Geçen Cumartesi günü yayımlanan ‘Hava değil zehir soluyoruz’ başlıklı yazımda, Türk Toraks Derneği’nin, düzenlediği sempozyumdaki uyarılarını aktarmıştım.
Özelikle sempozyum başkanı Doç. Dr. Haluk Çalışır’ın, “İstanbul Göztepe’de yaşayan bir kişi 233, Ankara Kayaş’ta 319 gram ve İzmir Gaziemir’de de 205 gram zehirli toz soluyor. Her yıl yaklaşık 30 bin civarında insanımızı hava kirliliğinin neden olduğu hastalıklar nedeniyle kaybediyoruz ” şeklindeki açıklamaları, konunun vahametini ortaya koydu.
***
İzmir’in hava kalitesini etkileyen önemli unsurlardan biri de Aliağa’daki yoğun kirletici unsurlar. Aliağa’da sanki az kirletici unsur varmış gibi, yeni bir termik santral yapılmak isteniyor. Bu santralin yapım sürecinde yaşananlar, neden zehir soluduğumuzun açık göstergelerinden biri. Çevre Mühendisleri Odası İzmir Şubesi Başkanı Helil İnay Kınay, bu süreçte yaşananları anlattı:
İzdemir Termik Santrali’ne karşı açılan davalar devam ederken inşaat çalışmaları tamamlandı. Santral, İzmir Büyükşehir Belediyesi’nden alması gereken Gayrı Sıhhi Müessese İzni süreçleri bile tamamlanmadan üretime başladı ve ruhsatsız çalışmaya devam etti.
16 Aralık 2016’da mahkeme uzun süren bir hukuki süreç sonunda Çevre Müdürlüğü’nün verdiği ÇED iznini de iptal etti.
***
Ama, yasal süreç kapsamında kapatılması gereken tesisle ilgili olarak yeni bir ÇED sürecine izin verildi. İki hafta içinde bakanlığa sunulan ÇED raporuna ilişkin değerlendirmeler yapıldı. 7 Mart 2017’de ÇED Raporu nihai kabul edilerek ÇED Yönetmeliği hükümlerine göre 10 günlük askı süreci başlatıldı. Bir önceki ÇED kararıyla ilgili iptal kararı tebliğ tarihinden itibaren 30 gün içinde uygulanarak, yani 23 Mart’ta termik santralin kapanması gerekiyordu. Ama, Çevre ve Şehircilik Bakanlığı, bu tarihten bir gün önce 22 Mart’ta yeni bir ÇED olumlu raporu vererek termik santrali kapanmasına bir gün kala kurtardı.
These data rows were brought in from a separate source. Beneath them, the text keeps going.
lemma height_le_of_common_divisor:
  fixes X Y S T G :: int
  assumes X: "X > 0" and S: "S > 0" and Y: "Y \<noteq> 0" and G: "G > 0"
    and "G dvd X^2 * S * T" "G dvd Y^2 * S * T" "G dvd T^2 * X * Y" "G dvd S^2 * X * Y"
  shows "height (of_int Y / of_int X, of_int T / of_int S)
           \<le> real_of_int (height_num X Y S T) / real_of_int G"
proof -
  define w z where "w = (of_int Y / of_int X :: rat)" and "z = (of_int T / of_int S :: rat)"
  define x y s t where "x = cx w" and "y = cy w" and "s = cx z" and "t = cy z"
  define l m where "l = gcd Y X" and "m = gcd T S"
  have l: "l > 0" and m: "m > 0" using X S unfolding l_def m_def by simp_all
  have XY: "X = l * x" "Y = l * y" and ST: "S = m * s" "T = m * t"
    using X S unfolding x_def y_def s_def t_def w_def z_def l_def m_def
    by (simp_all add: cx_cy_of_fraction)
  define k where "k = l^2 * m^2"
  have k: "k > 0" using l m unfolding k_def by simp
  have "G dvd k * (x^2 * s * t)" "G dvd k * (y^2 * s * t)"
    "G dvd k * (t^2 * x * y)" "G dvd k * (s^2 * x * y)"
    using assms(5-8) unfolding XY ST k_def by (simp_all add: power2_eq_square ac_simps)
  then have "G dvd k * gcd_prod x y s t"
    using coprime_cy_cx unfolding x_def y_def s_def t_def
    by (intro dvd_mult_gcd_prod) (simp_all add: coprime_commute)
  moreover have g: "gcd_prod x y s t > 0"
    using cx_pos[of w] cx_pos[of z] Y XY unfolding x_def s_def by (intro gcd_prod_pos) auto
  ultimately have "G \<le> k * gcd_prod x y s t" using k by (simp add: zdvd_imp_le)
  have "height (w, z) = real_of_int (k * height_num x y s t) / real_of_int (k * gcd_prod x y s t)"
    using k unfolding height_eq x_def y_def s_def t_def by simp
  also have "\<dots> = real_of_int (height_num X Y S T) / real_of_int (k * gcd_prod x y s t)"
    unfolding XY ST height_num_scale k_def ..
  also have "\<dots> \<le> real_of_int (height_num X Y S T) / real_of_int G"
    using \<open>G \<le> k * gcd_prod x y s t\<close> G k g height_num_nonneg[of X Y S T]
    by (intro divide_left_mono) (simp_all only: of_int_le_iff of_int_0_le_iff of_int_0_less_iff
        flip: of_int_mult, simp)
  finally show ?thesis unfolding w_def z_def .
qed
Hem de tüm ÇED süreçleri 10 gün gibi kısa bir sürede tamamlandı.
***
Bu yeni ÇED iznine karşı da, Ege Çevre ve Kültür Platformu Derneği, Ziraat, Çevre, Kimya mühendisleri ile, Şehir Plancıları odaları, Kıyı Ege Belediyeler Birliği, İzmir Barosu ve Foça Belediyesi İzmir Birinci İdare Mahkemesi’nde dava açtı. İşte bu davada bir kez daha verilen ÇED izninin iptaline karar verildi. Mahkemenin iptal kararında termik santralin ÇED raporunun faaliyetinin arkeolojik sit alanlarına etkisini, kümülatif olarak gerçekleşecek çevresel-sosyal etkiyi ele alacak risk analizini ortaya koyan nitelikte olmadığı, kül ve cüruf depolama sahasına dökülen atıkların, alanın zeytinlik alan olması sebebiyle, birçok olumsuz çevresel ve sosyal etkisi olduğu ve raporun risklere dair önlemleri de içermediği ifade edildi.
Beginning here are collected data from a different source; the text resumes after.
(* If $\mathcal{O}$ contains only upwards closed modalities, then $\mathcal{O}$ is decomposable if and only if for all sets $X,Y$, all relations $R\subseteq X\times Y$ and all $t\in TTX$, $r\in TTY$, $t\,\mathcal{O}(\mathcal{O}(R))\,r$ implies $\mu t\,\mathcal{O}(R)\,\mu r$.
   Context: $\Sigma$ is a signature of effect operations with arities $\alpha^n\to\alpha$, $\mathbf{N}\times\alpha^n\to\alpha$, $\alpha^{\mathbf{N}}\to\alpha$ or $\mathbf{N}\times\alpha^{\mathbf{N}}\to\alpha$. $TX$ is the set of possibly infinite labelled trees with leaves $\bot$ or elements of $X$ and internal nodes labelled by operations (or $\sigma_m$, $m\in\mathbb{N}$) with children according to arity; $t\le t'$ iff $t$ is obtained from $t'$ by replacing subtrees with $\bot$. $\mu:TTX\to TX$ replaces each leaf of a tree of trees by that tree. $\mathbf{1}=\{*\}$. A set $\mathcal{O}$ of modalities is given with $[\![o]\!]\subseteq T\mathbf{1}$; upwards closed means $[\![o]\!]$ upward closed under $\le$. $t[\in P]\in T\mathbf{1}$ replaces leaves in $P$ by $*$ and other $X$-leaves by $\bot$; $o(A)=\{t\in TX\mid t[\in A]\in[\![o]\!]\}$. $R[A]=\{y\mid\exists x\in A,\ xRy\}$; $\mathcal{O}$-relator: $t\,\mathcal{O}(R)\,t'$ iff $\forall A\subseteq X\ \forall o\in\mathcal{O}$, $t\in o(A)\Rightarrow t'\in o(R[A])$. $\mathcal{T}$ is the least class of formulas containing $o(\top),o(\bot)$ ($o\in\mathcal{O}$) closed under arbitrary $\bigvee,\bigwedge$, with $[\![o(\top)]\!]=o(\{*\})$, $[\![o(\bot)]\!]=o(\emptyset)$, unions/intersections; $t\trianglelefteq t'$ on $T\mathbf{1}$ iff $\forall\Phi\in\mathcal{T}$, $t\in[\![\Phi]\!]\Rightarrow t'\in[\![\Phi]\!]$; $r\preccurlyeq r'$ on $TT\mathbf{1}$ iff $\forall o\,\forall\Phi\in\mathcal{T}$, $r\in o([\![\Phi]\!])\Rightarrow r'\in o([\![\Phi]\!])$. $\mathcal{O}$ is decomposable if $r\preccurlyeq r'$ implies $\mu r\trianglelefteq\mu r'$. *)

theory Defs
  imports Main
begin

text \<open>Labels of type 'l are the operation
 symbols (including the parametrised symbols sigma_m); ar l = Some n means arity n,
 ar l = None means countably infinite arity (children indexed by nat).
 Children at positions outside the arity are required to be Bot (see wf_tree).\<close>

codatatype ('l, 'x) etree = Bot | Leaf 'x | Node 'l "nat \<Rightarrow> ('l, 'x) etree"

definition in_ar :: "('l \<Rightarrow> nat option) \<Rightarrow> 'l \<Rightarrow> nat \<Rightarrow> bool" where
  "in_ar ar l i = (case ar l of None \<Rightarrow> True | Some n \<Rightarrow> i < n)"

coinductive wf_tree :: "('l \<Rightarrow> nat option) \<Rightarrow> 'x set \<Rightarrow> ('l, 'x) etree \<Rightarrow> bool"
  for ar X where
  wf_Bot: "wf_tree ar X Bot"
| wf_Leaf: "x \<in> X \<Longrightarrow> wf_tree ar X (Leaf x)"
| wf_Node: "(\<forall>i. in_ar ar l i \<longrightarrow> wf_tree ar X (ts i)) \<Longrightarrow>
            (\<forall>i. \<not> in_ar ar l i \<longrightarrow> ts i = Bot) \<Longrightarrow> wf_tree ar X (Node l ts)"

definition Tr :: "('l \<Rightarrow> nat option) \<Rightarrow> 'x set \<Rightarrow> ('l, 'x) etree set" where
  "Tr ar X = {t. wf_tree ar X t}"

coinductive le_tree :: "('l, 'x) etree \<Rightarrow> ('l, 'x) etree \<Rightarrow> bool" where
  le_Bot: "le_tree Bot t"
| le_Leaf: "le_tree (Leaf x) (Leaf x)"
| le_Node: "(\<forall>i. le_tree (ts i) (ts' i)) \<Longrightarrow> le_tree (Node l ts) (Node l ts')"

definition upclosed :: "('l \<Rightarrow> nat option) \<Rightarrow> ('l, unit) etree set \<Rightarrow> bool" where
  "upclosed ar S = (\<forall>t\<in>S. \<forall>t'\<in>Tr ar UNIV. le_tree t t' \<longrightarrow> t' \<in> S)"

primcorec join_aux :: "('l, 'x) etree + ('l, ('l, 'x) etree) etree \<Rightarrow> ('l, 'x) etree" where
  "join_aux s = (case s of
      Inl t \<Rightarrow> (case t of Bot \<Rightarrow> Bot | Leaf x \<Rightarrow> Leaf x
                 | Node l ts \<Rightarrow> Node l (\<lambda>i. join_aux (Inl (ts i))))
    | Inr r \<Rightarrow> (case r of Bot \<Rightarrow> Bot
                 | Leaf t \<Rightarrow> (case t of Bot \<Rightarrow> Bot | Leaf x \<Rightarrow> Leaf x
                      | Node l ts \<Rightarrow> Node l (\<lambda>i. join_aux (Inl (ts i))))
                 | Node l rs \<Rightarrow> Node l (\<lambda>i. join_aux (Inr (rs i)))))"

definition join :: "('l, ('l, 'x) etree) etree \<Rightarrow> ('l, 'x) etree" where
  "join r = join_aux (Inr r)"

primcorec restr :: "'x set \<Rightarrow> ('l, 'x) etree \<Rightarrow> ('l, unit) etree" where
  "restr P t = (case t of Bot \<Rightarrow> Bot
      | Leaf x \<Rightarrow> (if x \<in> P then Leaf () else Bot)
      | Node l ts \<Rightarrow> Node l (\<lambda>i. restr P (ts i)))"

definition omod :: "('l \<Rightarrow> nat option) \<Rightarrow> ('m \<Rightarrow> ('l, unit) etree set) \<Rightarrow> 'm
    \<Rightarrow> 'x set \<Rightarrow> 'x set \<Rightarrow> ('l, 'x) etree set" where
  "omod ar sem m X A = {t \<in> Tr ar X. restr A t \<in> sem m}"

definition rel_O :: "('l \<Rightarrow> nat option) \<Rightarrow> 'm set \<Rightarrow> ('m \<Rightarrow> ('l, unit) etree set)
    \<Rightarrow> 'x set \<Rightarrow> 'y set \<Rightarrow> ('x \<times> 'y) set \<Rightarrow> (('l, 'x) etree \<times> ('l, 'y) etree) set" where
  "rel_O ar Om sem X Y R = {(t, t'). t \<in> Tr ar X \<and> t' \<in> Tr ar Y \<and>
      (\<forall>A. A \<subseteq> X \<longrightarrow> (\<forall>m\<in>Om. t \<in> omod ar sem m X A \<longrightarrow> t' \<in> omod ar sem m Y (R `` A)))}"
Alınan karar, Aliağa’nın çevresel kirlilik yükünü aştığını, termik santrallerden vazgeçilmesi zorunluluğunu bir kez daha gösterdi. Ama, Aliağa’da 7 adet termik santralin daha yapılması gündemde.
***
Türk Toraks Derneği, zehir soluduğumuzu rakamlarla ortaya koydu ve acil tedbir alınması gerektiğini açıkladı. Neden zehir soluduğumuz belli... Ya mahkeme kararlarına rağmen havayı kirleten unsurlara defalarca verilen ÇED izinleriyle vize verilecek. Ya da temiz hava tercih edilecek. İkisinin bir arada olması mümkün değil.